Of course this seems like a no-brainer! You need two parents to properly raise a child. But it wasn't until I had Alexander, that I realized how grateful I was to not be a single parent. I'm sure that single parents do what they can and make it work, but I honestly could not have survived without Scott. He helped me so much, and continues to be a great father. There were nights where Alexander fed every two hours, and it seemed like those nights lasted longer than I could have imagined. Scott would sit up with me in those moments and play Bill Cosby or Brian Reegan skits to help me through it. In the first few months, breastfeeding was really painful (something I never knew could happen before having Alexander), and Scott's willingness to just sit up with me and distract me from the pain, helped so much! He would even go get me a cold glass of ice water so I would stay hydrated. He has also been great at giving me my own time. On days when I felt super wiped out, he would tell me to go put my swimsuit on and jump in the hot tub while he watched the baby. He would tell me to get out and do something fun for myself for a little while. It helped a ton! But most importantly, he is an amazing Dad! Scott's first diaper change was Alexander's first dirty diaper. From the beginning, Scott was willing to jump in and help, even if it was new and a little scary. He was always there helping to bathe Alexander, to read stories to him, to sing to him, and help put him into bed. I have to say that I love our nighttime routine, because it includes both of us. I love helping to put Alexander to bed as a family. I feel like one lucky girl. This past year would have been so much harder without my sweet husband. I am so grateful for all he has done for me!
Lesson #7: You are better than you think you are.
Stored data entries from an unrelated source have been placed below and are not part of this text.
(* Let $\kappa>0$ and $\tau=\inf\{m\ge0:r_m^2\le\kappa\}$. Then for every $m\ge0$, \[\|\widehat F^{(\tau)}-\widehat F^{(m)}\|_n^2\le\|\widehat F^{(m)}-f^*\|_n^2+2|c_m|+(\kappa-\|\varepsilon\|_n^2)\mathbf 1\{\tau<m\}+(\|\varepsilon\|_n^2+\Delta(r_\tau^2)-\kappa)\mathbf 1\{\tau>m\},\] where $\Delta(r_m^2)=r_{m-1}^2-r_m^2$.
   Context: Let $Y=f^*+\varepsilon\in\mathbb R^n$ with $f^*,\varepsilon\in\mathbb R^n$, and let $\mathbf X\in\mathbb R^{n\times p}$ have rank $n$ with columns $X^{(j)}$. $\langle a,b\rangle_n=n^{-1}\sum_ia_ib_i$, $\|\cdot\|_n$ its norm, $\|\varepsilon\|_n^2=n^{-1}\sum_i\varepsilon_i^2$. $\widehat\Pi_J$: $\langle\cdot,\cdot\rangle_n$-orthogonal projection onto $\mathrm{span}\{X^{(j)}:j\in J\}$. OMP: $\widehat F^{(0)}=0,\widehat J_0=\emptyset$, $\widehat j_{m+1}\in\arg\max_j|\langle Y-\widehat F^{(m)},X^{(j)}/\|X^{(j)}\|_n\rangle_n|$, $\widehat J_{m+1}=\widehat J_m\cup\{\widehat j_{m+1}\}$, $\widehat F^{(m+1)}=\widehat\Pi_{\widehat J_{m+1}}Y$; $\widehat\Pi_m=\widehat\Pi_{\widehat J_m}$; $r_m^2=\|Y-\widehat F^{(m)}\|_n^2$; cross term $c_m=\langle(I-\widehat\Pi_m)f^*,\varepsilon\rangle_n$. *)

theory Defs
  imports "HOL-Analysis.Analysis"
begin

definition ip_n :: "real^'n \<Rightarrow> real^'n \<Rightarrow> real" where
  "ip_n a b = (\<Sum>i\<in>UNIV. a$i * b$i) / real CARD('n)"

definition nrm_n :: "real^'n \<Rightarrow> real" where
  "nrm_n a = sqrt (ip_n a a)"

definition proj_n :: "(real^'n) set \<Rightarrow> real^'n \<Rightarrow> real^'n" where
  "proj_n S y = (THE z. z \<in> span S \<and> (\<forall>s\<in>span S. ip_n (y - z) s = 0))"

definition cols :: "real^'p^'n \<Rightarrow> 'p set \<Rightarrow> (real^'n) set" where
  "cols X J = (\<lambda>j. column j X) ` J"

text \<open>OMP: sel m is the index selected at step m+1, so J_m = sel ` {..<m}.\<close>
definition omp_J :: "(nat \<Rightarrow> 'p) \<Rightarrow> nat \<Rightarrow> 'p set" where
  "omp_J sel m = sel ` {..<m}"

definition omp_F :: "real^'p^'n \<Rightarrow> real^'n \<Rightarrow> (nat \<Rightarrow> 'p) \<Rightarrow> nat \<Rightarrow> real^'n" where
  "omp_F X Y sel m = proj_n (cols X (omp_J sel m)) Y"

text \<open>sel is a valid OMP selection sequence (any argmax tie-breaking).\<close>
definition omp_sel :: "real^'p^'n \<Rightarrow> real^'n \<Rightarrow> (nat \<Rightarrow> 'p) \<Rightarrow> bool" where
  "omp_sel X Y sel \<longleftrightarrow> (\<forall>m k.
     \<bar>ip_n (Y - omp_F X Y sel m) (column k X /\<^sub>R nrm_n (column k X))\<bar>
     \<le> \<bar>ip_n (Y - omp_F X Y sel m) (column (sel m) X /\<^sub>R nrm_n (column (sel m) X))\<bar>)"

definition omp_r2 :: "real^'p^'n \<Rightarrow> real^'n \<Rightarrow> (nat \<Rightarrow> 'p) \<Rightarrow> nat \<Rightarrow> real" where
  "omp_r2 X Y sel m = (nrm_n (Y - omp_F X Y sel m))\<^sup>2"

end

theory Submission
  imports Defs
begin

text \<open>
  The projections \<open>\<Pi>\<^sub>m\<close> are nested, so by Pythagoras
  \<open>\<parallel>F\<^sub>\<tau> - F\<^sub>m\<parallel>\<^sup>2 = \<bar>r\<^sub>\<tau>\<^sup>2 - r\<^sub>m\<^sup>2\<bar>\<close>, and minimality of \<open>\<tau>\<close> gives
  \<open>r\<^sub>\<tau>\<^sup>2 \<le> \<kappa> < r(\<tau> - 1)\<^sup>2\<close>. It remains to compare \<open>r\<^sub>m\<^sup>2\<close> with \<open>\<parallel>\<epsilon>\<parallel>\<^sup>2\<close>:
  splitting \<open>Y - F\<^sub>m = (I - \<Pi>\<^sub>m) f\<^sup>* + (I - \<Pi>\<^sub>m) \<epsilon>\<close> gives
  \<open>r\<^sub>m\<^sup>2 = \<parallel>F\<^sub>m - f\<^sup>*\<parallel>\<^sup>2 + \<parallel>\<epsilon>\<parallel>\<^sup>2 + 2 c\<^sub>m - 2 \<parallel>\<Pi>\<^sub>m \<epsilon>\<parallel>\<^sup>2\<close> with
  \<open>\<parallel>\<Pi>\<^sub>m \<epsilon>\<parallel>\<^sup>2 \<le> \<parallel>F\<^sub>m - f\<^sup>*\<parallel>\<^sup>2\<close>, hence \<open>\<bar>r\<^sub>m\<^sup>2 - \<parallel>\<epsilon>\<parallel>\<^sup>2\<bar> \<le> \<parallel>F\<^sub>m - f\<^sup>*\<parallel>\<^sup>2 + 2\<bar>c\<^sub>m\<bar>\<close>.
  The stopping time \<open>\<tau>\<close> is finite because the columns span \<open>\<real>\<^sup>n\<close>: while the
  residual is nonzero, OMP selects a column outside the span of the selected ones, so the
  residual vanishes after at most \<open>n\<close> steps.
\<close>

lemma ip_n_eq_inner: "ip_n (a::real^'n) b = (a \<bullet> b) / real CARD('n)"
  unfolding ip_n_def inner_vec_def by simp

lemma ip_n_eq_0_iff_orthogonal: "ip_n (a::real^'n) b = 0 \<longleftrightarrow> orthogonal a b"
  by (simp add: ip_n_eq_inner orthogonal_def)

lemma ip_n_commute: "ip_n (a::real^'n) b = ip_n b a"
  by (simp add: ip_n_eq_inner inner_commute)

lemma ip_n_add_left: "ip_n (a + b::real^'n) c = ip_n a c + ip_n b c"
  by (simp add: ip_n_eq_inner inner_add_left add_divide_distrib)

lemma ip_n_diff_left: "ip_n (a - b::real^'n) c = ip_n a c - ip_n b c"
  by (simp add: ip_n_eq_inner inner_diff_left diff_divide_distrib)

lemma ip_n_add_right: "ip_n c (a + b::real^'n) = ip_n c a + ip_n c b"
  by (simp add: ip_n_eq_inner inner_add_right add_divide_distrib)

lemma ip_n_diff_right: "ip_n c (a - b::real^'n) = ip_n c a - ip_n c b"
  by (simp add: ip_n_eq_inner inner_diff_right diff_divide_distrib)

lemma nrm_n_power2: "(nrm_n (a::real^'n))\<^sup>2 = ip_n a a"
  unfolding nrm_n_def by (simp add: ip_n_eq_inner)

lemma nrm_n_eq_0_iff: "nrm_n (a::real^'n) = 0 \<longleftrightarrow> a = 0"
  unfolding nrm_n_def by (simp add: ip_n_eq_inner)

lemma nrm_n_minus_commute: "nrm_n (a - b::real^'n) = nrm_n (b - a)"
  unfolding nrm_n_def by (simp add: ip_n_eq_inner inner_diff_left inner_diff_right inner_commute)

lemma nrm_n_pythagorean:
  "orthogonal a b \<Longrightarrow> (nrm_n (a + b::real^'n))\<^sup>2 = (nrm_n a)\<^sup>2 + (nrm_n b)\<^sup>2"
  by (simp add: nrm_n_power2 ip_n_add_left ip_n_add_right ip_n_commute ip_n_eq_0_iff_orthogonal)

lemma ex1_proj_n:
  "\<exists>!z. z \<in> span S \<and> (\<forall>s\<in>span S. ip_n ((y::real^'n) - z) s = 0)"
proof (rule ex_ex1I)
  obtain a b where "a \<in> span S" "\<And>w. w \<in> span S \<Longrightarrow> orthogonal b w" "y = a + b"
    using orthogonal_subspace_decomp_exists by blast
  then show "\<exists>z. z \<in> span S \<and> (\<forall>s\<in>span S. ip_n (y - z) s = 0)"
    by (auto simp: ip_n_eq_0_iff_orthogonal)
next
  fix z1 z2
  assume z1: "z1 \<in> span S \<and> (\<forall>s\<in>span S. ip_n (y - z1) s = 0)"
    and z2: "z2 \<in> span S \<and> (\<forall>s\<in>span S. ip_n (y - z2) s = 0)"
  then have "z1 - z2 \<in> span S" by (simp add: span_diff)
  with z1 z2 have "ip_n (z1 - z2) (z1 - z2) = 0"
    by (simp add: ip_n_eq_inner inner_diff_left diff_divide_distrib)
  then show "z1 = z2"
    by (simp add: ip_n_eq_inner)
qed

lemma proj_n_in_span: "proj_n S y \<in> span S"
  using theI'[OF ex1_proj_n] unfolding proj_n_def by blast

lemma proj_n_orthogonal: "s \<in> span S \<Longrightarrow> orthogonal (y - proj_n S y) s"
  using theI'[OF ex1_proj_n, of S y] unfolding proj_n_def ip_n_eq_0_iff_orthogonal by blast

lemma proj_n_unique:
  assumes "z \<in> span S" and "\<And>s. s \<in> span S \<Longrightarrow> orthogonal (y - z) s"
  shows "proj_n S y = z"
  unfolding proj_n_def using assms
  by (intro the1_equality[OF ex1_proj_n]) (simp add: ip_n_eq_0_iff_orthogonal)

lemma proj_n_add: "proj_n S (a + b) = proj_n S a + proj_n S (b::real^'n)"
proof (rule proj_n_unique)
  show "proj_n S a + proj_n S b \<in> span S"
    by (simp add: proj_n_in_span span_add)
  fix s assume "s \<in> span S"
  then have "orthogonal ((a - proj_n S a) + (b - proj_n S b)) s"
    by (intro orthogonal_clauses(9) proj_n_orthogonal)
  then show "orthogonal (a + b - (proj_n S a + proj_n S b)) s"
    by (simp add: algebra_simps)
qed

lemma proj_n_nested_pythagorean:
  assumes "S \<subseteq> T"
  shows "(nrm_n (y - proj_n S y))\<^sup>2
    = (nrm_n (y - proj_n T y))\<^sup>2 + (nrm_n (proj_n T y - proj_n S (y::real^'n)))\<^sup>2"
proof -
  have "proj_n T y - proj_n S y \<in> span T"
    using span_mono[OF assms] proj_n_in_span by (blast intro: span_diff)
  then have "orthogonal (y - proj_n T y) (proj_n T y - proj_n S y)"
    by (rule proj_n_orthogonal)
  then show ?thesis
    using nrm_n_pythagorean by fastforce
qed

text \<open>\<open>f + e - \<Pi>(f + e) = (f - \<Pi> f) + (e - \<Pi> e)\<close>, and \<open>\<Pi> e\<close> is orthogonal to both summands.\<close>
lemma proj_n_residual_expansion:
  fixes f e :: "real^'n" and S :: "(real^'n) set"
  defines "F \<equiv> proj_n S (f + e)"
  shows "(nrm_n (f + e - F))\<^sup>2 = (nrm_n (F - f))\<^sup>2 + (nrm_n e)\<^sup>2
      + 2 * ip_n (f - proj_n S f) e - 2 * (nrm_n (proj_n S e))\<^sup>2"
    and "(nrm_n (proj_n S e))\<^sup>2 \<le> (nrm_n (F - f))\<^sup>2"
proof -
  define a p where "a = f - proj_n S f" and "p = proj_n S e"
  have F: "F = proj_n S f + p"
    unfolding F_def p_def by (rule proj_n_add)
  have "orthogonal a p" "orthogonal (e - p) p"
    unfolding a_def p_def by (simp_all add: proj_n_orthogonal proj_n_in_span)
  then have ap: "ip_n a p = 0" and ep: "ip_n (e - p) p = 0"
    by (simp_all add: ip_n_eq_0_iff_orthogonal)
  have pa: "ip_n p a = 0"
    using ap by (simp add: ip_n_commute)
  have noise: "(nrm_n e)\<^sup>2 = (nrm_n p)\<^sup>2 + (nrm_n (e - p))\<^sup>2"
    using ep by (simp add: nrm_n_power2 ip_n_diff_left ip_n_diff_right ip_n_commute)
  have fit: "(nrm_n (F - f))\<^sup>2 = (nrm_n p)\<^sup>2 + (nrm_n a)\<^sup>2"
  proof -
    have "F - f = p - a" unfolding F a_def by simp
    then show ?thesis
      using ap pa by (simp add: nrm_n_power2 ip_n_diff_left ip_n_diff_right ip_n_commute)
  qed
  have residual: "f + e - F = a + (e - p)" unfolding F a_def by simp
  have "(nrm_n (f + e - F))\<^sup>2 = (nrm_n a)\<^sup>2 + 2 * ip_n a (e - p) + (nrm_n (e - p))\<^sup>2"
    unfolding residual by (simp add: nrm_n_power2 ip_n_add_left ip_n_add_right ip_n_commute)
  also have "ip_n a (e - p) = ip_n a e"
    using ap by (simp add: ip_n_diff_right)
  finally show "(nrm_n (f + e - F))\<^sup>2 = (nrm_n (F - f))\<^sup>2 + (nrm_n e)\<^sup>2
      + 2 * ip_n (f - proj_n S f) e - 2 * (nrm_n (proj_n S e))\<^sup>2"
    using noise fit unfolding a_def p_def by simp
  show "(nrm_n (proj_n S e))\<^sup>2 \<le> (nrm_n (F - f))\<^sup>2"
    using fit unfolding p_def by simp
qed

lemma proj_n_residual_noise_gap:
  fixes f e :: "real^'n" and S :: "(real^'n) set"
  defines "F \<equiv> proj_n S (f + e)"
  shows "\<bar>(nrm_n (f + e - F))\<^sup>2 - (nrm_n e)\<^sup>2\<bar>
    \<le> (nrm_n (F - f))\<^sup>2 + 2 * \<bar>ip_n (f - proj_n S f) e\<bar>"
  using proj_n_residual_expansion[where S = S and f = f and e = e] unfolding F_def
  by (smt (verit) zero_le_power2)

lemma span_cols_UNIV:
  assumes "rank (X::real^'p^'n) = CARD('n)"
  shows "span (cols X UNIV) = UNIV"
proof -
  have "cols X UNIV = columns X" unfolding cols_def columns_def by auto
  moreover have "dim (columns X) = DIM(real^'n)"
    using assms by (simp add: column_rank_def)
  ultimately show ?thesis by (metis dim_eq_full)
qed

lemma omp_r2_nested:
  "j \<le> k \<Longrightarrow> omp_r2 X Y sel j = omp_r2 X Y sel k + (nrm_n (omp_F X Y sel k - omp_F X Y sel j))\<^sup>2"
  unfolding omp_r2_def omp_F_def
  by (rule proj_n_nested_pythagorean) (auto simp: cols_def omp_J_def)

text \<open>If the selected column were already in the span, its correlation with the residual
  would vanish, hence by maximality all correlations would, and the residual would be
  orthogonal to \<open>\<real>\<^sup>n\<close>.\<close>
lemma omp_selects_new_column:
  fixes X :: "real^'p^'n"
  assumes span: "span (cols X UNIV) = UNIV" and sel: "omp_sel X Y sel"
    and residual: "omp_F X Y sel m \<noteq> Y"
  shows "column (sel m) X \<notin> span (cols X (omp_J sel m))"
proof
  let ?R = "Y - omp_F X Y sel m"
  let ?normalized = "\<lambda>k. column k X /\<^sub>R nrm_n (column k X)"
  assume "column (sel m) X \<in> span (cols X (omp_J sel m))"
  then have "orthogonal ?R (column (sel m) X)"
    unfolding omp_F_def by (rule proj_n_orthogonal)
  then have "ip_n ?R (?normalized (sel m)) = 0"
    by (simp add: ip_n_eq_inner orthogonal_def)
  moreover have "\<bar>ip_n ?R (?normalized k)\<bar> \<le> \<bar>ip_n ?R (?normalized (sel m))\<bar>" for k
    using sel unfolding omp_sel_def by blast
  ultimately have "ip_n ?R (?normalized k) = 0" for k
    using abs_le_zero_iff by fastforce
  then have "orthogonal ?R (column k X)" for k
    by (cases "column k X = 0") (auto simp: ip_n_eq_inner orthogonal_def nrm_n_eq_0_iff)
  then have "\<forall>x\<in>cols X UNIV. orthogonal ?R x"
    unfolding cols_def by blast
  then have "orthogonal ?R ?R"
    using orthogonal_to_span span by blast
  with residual show False
    by (simp add: orthogonal_def)
qed

lemma omp_residual_eventually_zero:
  fixes X :: "real^'p^'n"
  assumes span: "span (cols X UNIV) = UNIV" and sel: "omp_sel X Y sel"
  shows "\<exists>t. omp_F X Y sel t = Y"
proof (rule ccontr)
  assume "\<nexists>t. omp_F X Y sel t = Y"
  then have new: "column (sel m) X \<notin> span (cols X (omp_J sel m))" for m
    using omp_selects_new_column[OF span sel] by blast
  have "m \<le> dim (cols X (omp_J sel m))" for m
  proof (induction m)
    case (Suc m)
    have "cols X (omp_J sel (Suc m)) = insert (column (sel m) X) (cols X (omp_J sel m))"
      unfolding cols_def omp_J_def by (simp add: lessThan_Suc)
    with Suc new show ?case by (simp add: dim_insert)
  qed simp
  from this[of "Suc CARD('n)"] show False
    using dim_subset_UNIV_cart[of "cols X (omp_J sel (Suc CARD('n)))"] by simp
qed

theorem lemma2p2:
  fixes X :: "real^'p^'n" and fstar eps :: "real^'n" and sel :: "nat \<Rightarrow> 'p"
    and \<kappa> :: real and m :: nat
  assumes "rank X = CARD('n)"
    and "omp_sel X (fstar + eps) sel"
    and "\<kappa> > 0"
  defines "Y \<equiv> fstar + eps"
    and "\<tau> \<equiv> (LEAST t. omp_r2 X (fstar + eps) sel t \<le> \<kappa>)"
  shows "(nrm_n (omp_F X Y sel \<tau> - omp_F X Y sel m))\<^sup>2
    \<le> (nrm_n (omp_F X Y sel m - fstar))\<^sup>2
       + 2 * \<bar>ip_n (fstar - proj_n (cols X (omp_J sel m)) fstar) eps\<bar>
       + (if \<tau> < m then \<kappa> - (nrm_n eps)\<^sup>2 else 0)
       + (if \<tau> > m then (nrm_n eps)\<^sup>2
            + (omp_r2 X Y sel (\<tau> - 1) - omp_r2 X Y sel \<tau>) - \<kappa> else 0)"
proof -
  let ?F = "omp_F X Y sel" and ?r = "omp_r2 X Y sel"
  obtain t where "?F t = Y"
    using omp_residual_eventually_zero[OF span_cols_UNIV] assms(1,2) unfolding Y_def by blast
  with \<open>\<kappa> > 0\<close> have "?r t \<le> \<kappa>"
    by (simp add: omp_r2_def nrm_n_def ip_n_eq_inner)
  then have r_tau: "?r \<tau> \<le> \<kappa>"
    unfolding \<tau>_def Y_def by (rule LeastI)
  have r_before_tau: "\<tau> > 0 \<Longrightarrow> ?r (\<tau> - 1) > \<kappa>"
    unfolding \<tau>_def Y_def by (metis diff_less less_numeral_extra(1) not_le not_less_Least)
  have gap: "\<bar>?r m - (nrm_n eps)\<^sup>2\<bar> \<le> (nrm_n (?F m - fstar))\<^sup>2
      + 2 * \<bar>ip_n (fstar - proj_n (cols X (omp_J sel m)) fstar) eps\<bar>"
    using proj_n_residual_noise_gap unfolding omp_r2_def omp_F_def Y_def by blast
  consider "\<tau> < m" | "\<tau> = m" | "\<tau> > m" by linarith
  then show ?thesis
  proof cases
    case 1
    then have "(nrm_n (?F \<tau> - ?F m))\<^sup>2 = ?r \<tau> - ?r m"
      using omp_r2_nested[of \<tau> m X Y sel] by (simp add: nrm_n_minus_commute)
    with 1 r_tau gap show ?thesis
      by (simp add: abs_le_iff)
  next
    case 2
    then show ?thesis by (simp add: nrm_n_def ip_n_eq_inner)
  next
    case 3
    then have "(nrm_n (?F \<tau> - ?F m))\<^sup>2 = ?r m - ?r \<tau>"
      using omp_r2_nested[of m \<tau> X Y sel] by simp
    with 3 r_before_tau gap show ?thesis
      by (simp add: abs_le_iff)
  qed
qed

end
There are so many times as a parent, where you start to wonder if you are doing any good. It seems that Sally down the street is a perfect Mom. She seems to have it all together. Her house is always clean, she plays with her baby tons, and her baby is already sleeping through the night and hitting milestones that your baby is not. I know they say not to compare your child to others, but it is so hard to avoid doing! And even harder to avoid, is the temptation of comparing myself to other moms. It always seems that there is something I could be doing better and so many areas that I lack. Constantly, I have had to go to my Father in Heaven or my husband and ask them how they feel I am doing. Luckily, that usually does the trick. Remember that no matter how great Sally is at being a mom, you are doing the best you can for your little one, and that's what counts! I have learned that I really am a better mom than I think I am, and though I strive to be a little better each day, my little guy adores me just as I am :)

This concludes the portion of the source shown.